WORK TO BE COMPLETED » Exactly how many lines in this data contain the word "thesis"? Only the number should be given.

PROVIDED DATA »
lemma sum_asymp_equiv_telescoping:
  fixes a B :: "nat \<Rightarrow> real"
  assumes a: "(\<lambda>i. a (Suc i)) \<sim>[sequentially] (\<lambda>i. B (Suc i) - B i)"
    and B_mono: "eventually (\<lambda>i. B i \<le> B (Suc i)) sequentially"
    and B: "filterlim B at_top sequentially"
  shows "(\<lambda>t. \<Sum>i\<in>{1..t}. a i) \<sim>[sequentially] B"
proof -
  define b where "b i = B i - B (i - 1)" for i
  have tel: "(\<Sum>i\<in>{1..t}. b i) = - B 0 + B t" for t
    by (induction t) (simp_all add: b_def)
  have b_sum: "(\<lambda>t. \<Sum>i\<in>{1..t}. b i) \<sim>[sequentially] B"
    unfolding tel by (rule asymp_equiv_add_const[OF B])
  have "(\<lambda>i. if a (Suc i) = 0 \<and> b (Suc i) = 0 then 1 else a (Suc i) / b (Suc i)) \<longlonglongrightarrow> 1"
    using asymp_equivD[OF a] unfolding b_def diff_Suc_1 .
  then have "a \<sim>[sequentially] b"
    by (rule asymp_equivI[OF LIMSEQ_imp_Suc])
  moreover have "eventually (\<lambda>i. 0 \<le> b i) sequentially"
    using B_mono unfolding b_def by (subst eventually_sequentially_Suc[symmetric]) simp
  moreover have "filterlim (\<lambda>t. \<Sum>i\<in>{1..t}. b i) at_top sequentially"
    using asymp_equiv_at_top_transfer[OF asymp_equiv_symI[OF b_sum] B] .
  ultimately have "(\<lambda>t. \<Sum>i\<in>{1..t}. a i) \<sim>[sequentially] (\<lambda>t. \<Sum>i\<in>{1..t}. b i)"
    by (rule sum_asymp_equiv)
  also note b_sum
  finally show ?thesis .
qed

lemma sum_inverse_mult_ln_asymp_equiv:
  "(\<lambda>t. \<Sum>i\<in>{1..t}. 1 / (real i * ln (1 + real i))) \<sim>[sequentially] (\<lambda>t. ln (ln (real t)))"
  by (rule sum_asymp_equiv_telescoping) ((simp only: of_nat_Suc)?, real_asymp)+

lemma sum_inverse_sqrt_mult_ln_asymp_equiv:
  "(\<lambda>t. \<Sum>i\<in>{1..t}. 1 / sqrt (real i * ln (1 + real i))) \<sim>[sequentially]
     (\<lambda>t. 2 * sqrt (real t / ln (real t)))"
  by (rule sum_asymp_equiv_telescoping) ((simp only: of_nat_Suc)?, real_asymp)+

lemma regularized_mean_tendsto:
  fixes s :: "nat \<Rightarrow> real"
  assumes "(\<lambda>t. s t / real t) \<longlonglongrightarrow> l"
  shows "(\<lambda>t. (c + s t) / (real t + 1)) \<longlonglongrightarrow> l"
proof -
  have "(\<lambda>t. c / (real t + 1) + s t / real t * (real t / (real t + 1))) \<longlonglongrightarrow> 0 + l * 1"
    by (intro tendsto_intros assms) real_asymp+
  moreover have "eventually (\<lambda>t. c / (real t + 1) + s t / real t * (real t / (real t + 1)) =
      (c + s t) / (real t + 1)) sequentially"
    using eventually_gt_at_top[of 0] by eventually_elim (simp add: add_divide_distrib)
  ultimately show ?thesis by (simp add: Lim_transform_eventually)
qed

ANSWER TO THIS PROBLEM » 2